Item 14. Other Expenses of Issuance and Distribution

 

The following table sets forth estimated fees and expenses (except in the case of the SEC registration fee) in connection with the issuance and distribution of the securities being registered.

   Amount 
SEC registration fee  $1,146.35 
Accounting fees and expenses   5,000 
Legal fees and expenses   15,000 
Transfer agent fees and expenses   3,000 
Miscellaneous fees and expenses   2,000 
Total  $26,146.35 

 

Item 15. Indemnification of Directors and Officers

 

We are a Nevada corporation. The Nevada Revised Statutes and certain provisions of our bylaws under certain circumstances provide for indemnification of our officers, directors and controlling persons against liabilities which they may incur in such capacities. A summary of the circumstances in which such indemnification is provided for is contained herein, but this description is qualified in its entirety by reference to our bylaws and to the statutory provisions.

 

In general, any officer, director, employee or agent may be indemnified against expenses, fines, settlements or judgments arising in connection with a legal proceeding to which such person is a party, if that person’s actions were in good faith, were believed to be in our best interest, and were not unlawful.

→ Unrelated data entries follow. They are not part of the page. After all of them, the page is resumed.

lemma t_NC_le_t_acc_iff:
  assumes "finite Xf"
  shows "t_NC V Es Xf Y t F \<le> t_acc V Es Xf Y t T F
    \<longleftrightarrow> (\<exists>a. NC_accessible V Es Xf Y t T (F, a))"
proof
  assume le: "t_NC V Es Xf Y t F \<le> t_acc V Es Xf Y t T F"
  obtain L where "\<forall>d \<in> NC V Es Xf Y t. L \<le> snd d"
    using NC_times_bdd_below[OF assms] .
  then have "ereal (real_of_int L) \<le> t_NC V Es Xf Y t F"
    unfolding t_NC_def by (force intro: Inf_greatest)
  with le have "t_acc V Es Xf Y t T F \<noteq> -\<infinity>" by auto
  then show "\<exists>a. NC_accessible V Es Xf Y t T (F, a)"
    unfolding t_acc_def by (rule contrapos_np) (simp add: bot_ereal_def)
next
  assume "\<exists>a. NC_accessible V Es Xf Y t T (F, a)"
  then obtain a where acc: "NC_accessible V Es Xf Y t T (F, a)" ..
  have "t_NC V Es Xf Y t F \<le> ereal (real_of_int a)"
    unfolding t_NC_def by (rule Inf_lower) (use NC_accessible_in_NC[OF acc] in blast)
  also have "\<dots> \<le> t_acc V Es Xf Y t T F"
    unfolding t_acc_def by (rule Sup_upper) (use acc in blast)
  finally show "t_NC V Es Xf Y t F \<le> t_acc V Es Xf Y t T F" .
qed

theorem corollary1:
  fixes V :: "'v set" and Es :: "('v \<times> 'v) set"
    and Y F :: 'v and t :: int and n :: nat
    and Xs :: "nat \<Rightarrow> 'v" and \<gamma> :: "nat \<Rightarrow> int" and i :: nat
  assumes "finite V"
    and "is_SCG V Es"
    and "Y \<in> V"
    and "\<forall>k \<in> {1..n}. Xs k \<in> V \<and> \<gamma> k \<ge> 0 \<and> (Xs k, Y) \<in> Es\<^sup>*"
    and "inj_on (\<lambda>k. (Xs k, t - \<gamma> k)) {1..n}"
    and "F \<in> V"
    and "i \<in> {1..n}"
  defines "Xf \<equiv> (\<lambda>k. (Xs k, t - \<gamma> k)) ` {1..n}"
  shows "(\<exists>tf. NC_accessible V Es Xf Y t (Xs i, t - \<gamma> i) (F, tf)
              \<and> NC_accessible V Es Xf Y t (Y, t) (F, tf))
     \<longleftrightarrow> (t_NC V Es Xf Y t F \<le> t_acc V Es Xf Y t (Xs i, t - \<gamma> i) F
          \<and> t_NC V Es Xf Y t F \<le> t_acc V Es Xf Y t (Y, t) F)"
proof -
  let ?acc = "NC_accessible V Es Xf Y t"
  have fin: "finite Xf" unfolding Xf_def by simp
  have "(\<exists>tf. ?acc (Xs i, t - \<gamma> i) (F, tf) \<and> ?acc (Y, t) (F, tf))
    \<longleftrightarrow> (\<exists>a. ?acc (Xs i, t - \<gamma> i) (F, a)) \<and> (\<exists>b. ?acc (Y, t) (F, b))"
  proof
    assume "(\<exists>a. ?acc (Xs i, t - \<gamma> i) (F, a)) \<and> (\<exists>b. ?acc (Y, t) (F, b))"
    then obtain a b where a: "?acc (Xs i, t - \<gamma> i) (F, a)" and b: "?acc (Y, t) (F, b)"
      by blast
    obtain m where m: "(F, m) \<in> NC V Es Xf Y t"
      and least: "\<forall>t1. (F, t1) \<in> NC V Es Xf Y t \<longrightarrow> m \<le> t1"
      using NC_least_time[OF fin NC_accessible_in_NC[OF a]] .
    have "?acc (Xs i, t - \<gamma> i) (F, m)"
      using NC_accessible_earlier[OF a m] least NC_accessible_in_NC[OF a] by simp
    moreover have "?acc (Y, t) (F, m)"
      using NC_accessible_earlier[OF b m] least NC_accessible_in_NC[OF b] by simp
    ultimately show "\<exists>tf. ?acc (Xs i, t - \<gamma> i) (F, tf) \<and> ?acc (Y, t) (F, tf)" by blast
  qed blast
  then show ?thesis using t_NC_le_t_acc_iff[OF fin] by simp
qed

end
definition conds ::
  "(real^'n \<Rightarrow> real^'n) \<Rightarrow> (real^'n \<Rightarrow> real^'m^'n) \<Rightarrow> (real^'n \<Rightarrow> real^'q)
   \<Rightarrow> nat \<Rightarrow> (nat \<Rightarrow> real^'n) \<Rightarrow> (nat \<Rightarrow> 'n \<Rightarrow> real^'n)
   \<Rightarrow> (nat \<Rightarrow> real) \<Rightarrow> (nat \<Rightarrow> real) \<Rightarrow> (nat \<Rightarrow> real)
   \<Rightarrow> (real^'n \<Rightarrow> real) \<Rightarrow> (nat \<Rightarrow> real^'n) \<Rightarrow> real \<Rightarrow> real \<Rightarrow> bool" where
  "conds f G h M x0 X \<beta> \<beta>t \<beta>b V L b1 \<gamma> \<longleftrightarrow>
     \<gamma> > 0
   \<and> (\<forall>x\<in>vertices_T M x0 X. V x \<ge> 0)
   \<and> (\<forall>i<M. \<forall>k. \<bar>cpa_grad V (x0 i) (X i) $ k\<bar> \<le> L i $ k)
   \<and> (\<forall>i<M. \<forall>j. vert (x0 i) (X i) j \<noteq> 0 \<longrightarrow>
        H_val f G h (\<beta> i) (\<beta>t i) (\<beta>b i) V (L i) \<gamma> (x0 i) (X i) j \<le> - b1)"

end

theory Submission
  imports Defs
begin

(* Fix a simplex sigma_i and a point x of it, written as a convex combination
   x = sum_j mu_j x_ij of its vertices. If g is C2 on sigma_i with second partials bounded
   by B, expanding every g(x_ij) to second order around x makes the linear terms cancel, so
   g(x) differs from sum_j mu_j g(x_ij) by at most (n B / 2) sum_j mu_j |x_ij - x|^2. Since x
   is the mu-weighted mean of the vertices, this weighted sum of squared distances only grows
   when x is replaced by x_i0, and n/2 |x_ij - x_i0|^2 <= c_ij; so the error is at most
   B sum_j mu_j c_ij. Applying this to the components of f, to h^T h and to gbar, and using
   |G(x)^T w|^2 <= gbar(x) |w|_1^2 and |grad V_i|_1 <= 1^T l_i, the Hamilton-Jacobi expression
   at x is at most sum_j mu_j H_ij. Every H_ij is <= 0: it is <= -b1 < 0 at nonzero vertices,
   and at a vertex at the origin it vanishes, because f, h and gbar vanish there and the
   vertex is then x_i0, so that c_i0 = 0. *)

lemma first_order_remainder_le:
  fixes \<phi> \<phi>' \<phi>'' :: "real \<Rightarrow> real"
  assumes \<phi>': "\<And>t. t \<in> {0..1} \<Longrightarrow> (\<phi> has_real_derivative \<phi>' t) (at t within {0..1})"
    and \<phi>'': "\<And>t. t \<in> {0..1} \<Longrightarrow> (\<phi>' has_real_derivative \<phi>'' t) (at t within {0..1})"
    and bound: "\<And>t. t \<in> {0..1} \<Longrightarrow> \<phi>'' t \<le> K"
  shows "\<phi> 1 - \<phi> 0 - \<phi>' 0 \<le> K / 2"
proof -
  define \<psi> where "\<psi> t = \<phi> t - t * \<phi>' 0 - K / 2 * t\<^sup>2" for t
  have "(\<psi> has_derivative (\<lambda>s. s * (\<phi>' t - \<phi>' 0 - K * t))) (at t within {0..1})"
    if "t \<in> {0..1}" for t
    unfolding \<psi>_def using \<phi>'[OF that]
    by (auto intro!: derivative_eq_intros simp: has_field_derivative_def algebra_simps)
  then obtain z where z: "z \<in> {0..1}" "\<psi> 1 - \<psi> 0 = \<phi>' z - \<phi>' 0 - K * z"
    using mvt_very_simple[of 0 1 \<psi> "\<lambda>t s. s * (\<phi>' t - \<phi>' 0 - K * t)"] by auto
  have "\<exists>u\<in>{0..z}. \<phi>' z - \<phi>' 0 = (\<lambda>u s. \<phi>'' u * s) u (z - 0)"
  proof (rule mvt_very_simple)
    fix u assume "0 \<le> u" "u \<le> z"
    with z have "(\<phi>' has_real_derivative \<phi>'' u) (at u within {0..1})"
      by (intro \<phi>'') auto
    then have "(\<phi>' has_real_derivative \<phi>'' u) (at u within {0..z})"
      by (rule DERIV_subset) (use z in auto)
    then show "(\<phi>' has_derivative (\<lambda>s. \<phi>'' u * s)) (at u within {0..z})"
      by (simp add: has_field_derivative_def)
  qed (use z in simp)
  then obtain u where u: "u \<in> {0..z}" "\<phi>' z - \<phi>' 0 = \<phi>'' u * z"
    by auto
  have "z * \<phi>'' u \<le> z * K"
    using bound[of u] u z by (intro mult_left_mono) auto
  then have "\<psi> 1 - \<psi> 0 \<le> 0"
    using z u by (simp add: algebra_simps)
  then show ?thesis
    unfolding \<psi>_def by simp
qed

lemma abs_first_order_remainder_le:
  fixes \<phi> \<phi>' \<phi>'' :: "real \<Rightarrow> real"
  assumes \<phi>': "\<And>t. t \<in> {0..1} \<Longrightarrow> (\<phi> has_real_derivative \<phi>' t) (at t within {0..1})"
    and \<phi>'': "\<And>t. t \<in> {0..1} \<Longrightarrow> (\<phi>' has_real_derivative \<phi>'' t) (at t within {0..1})"
    and bound: "\<And>t. t \<in> {0..1} \<Longrightarrow> \<bar>\<phi>'' t\<bar> \<le> K"
  shows "\<bar>\<phi> 1 - \<phi> 0 - \<phi>' 0\<bar> \<le> K / 2"
proof -
  have "\<phi> 1 - \<phi> 0 - \<phi>' 0 \<le> K / 2"
    using first_order_remainder_le[OF \<phi>' \<phi>''] bound by (simp add: abs_le_iff)
  moreover have "(- \<phi> 1) - (- \<phi> 0) - (- \<phi>' 0) \<le> K / 2"
    by (rule first_order_remainder_le[where \<phi>' = "\<lambda>t. - \<phi>' t" and \<phi>'' = "\<lambda>t. - \<phi>'' t"])
       (use \<phi>' \<phi>'' bound in \<open>auto intro!: derivative_eq_intros simp: abs_le_iff\<close>)
  ultimately show ?thesis
    by linarith
qed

Unless such person is successful upon the merits in such an action, indemnification may be awarded only after a determination by independent decision of our board of directors, by legal counsel, or by a vote of our stockholders, that the applicable standard of conduct was met by the person to be indemnified.

 

The circumstances under which indemnification is granted in connection with an action brought on our behalf is generally the same as those set forth above; however, with respect to such actions, indemnification is granted only with respect to expenses actually incurred in connection with the defense or settlement of the action. In such actions, the person to be indemnified must have acted in good faith and in a manner believed to have been in our best interest, and have not been adjudged liable for negligence or misconduct.

 

Indemnification may also be granted pursuant to the terms of agreements which may be entered in the future or pursuant to a vote of stockholders or directors. The Nevada Revised Statutes also grant us the power to purchase and maintain insurance which protects our officers and directors against any liabilities incurred in connection with their service in such a position, and such a policy may be obtained by us.

 

To the maximum extent permitted by law, our articles of incorporation eliminate or limit the liability of our directors to us or our stockholders for monetary damages for breach of a director’s fiduciary duty as a director.

 

We have entered or intend to enter into separate indemnification agreements with our directors and officers. Each indemnification agreement will provide, among other things, for indemnification to the fullest extent permitted by law and our articles of incorporation and bylaws against any and all expenses, judgments, fines, penalties and amounts paid in settlement of any claim. The indemnification agreements will provide for the advancement or payment of all expenses to the indemnitee and for reimbursement to us if it is found that such indemnitee is not entitled to such indemnification under applicable law and our articles of incorporation and bylaws.

 

We also have insurance on behalf of our directors and executive officers and certain other persons insuring them against any liability asserted against them in their respective capacities or arising out of such status.

 

Insofar as indemnification for liabilities arising under the Securities Act may be permitted to directors, officers or persons controlling us under the foregoing provisions, we have been informed that in the opinion of the SEC such indemnification is against public policy as expressed in the Securities Act and is therefore unenforceable.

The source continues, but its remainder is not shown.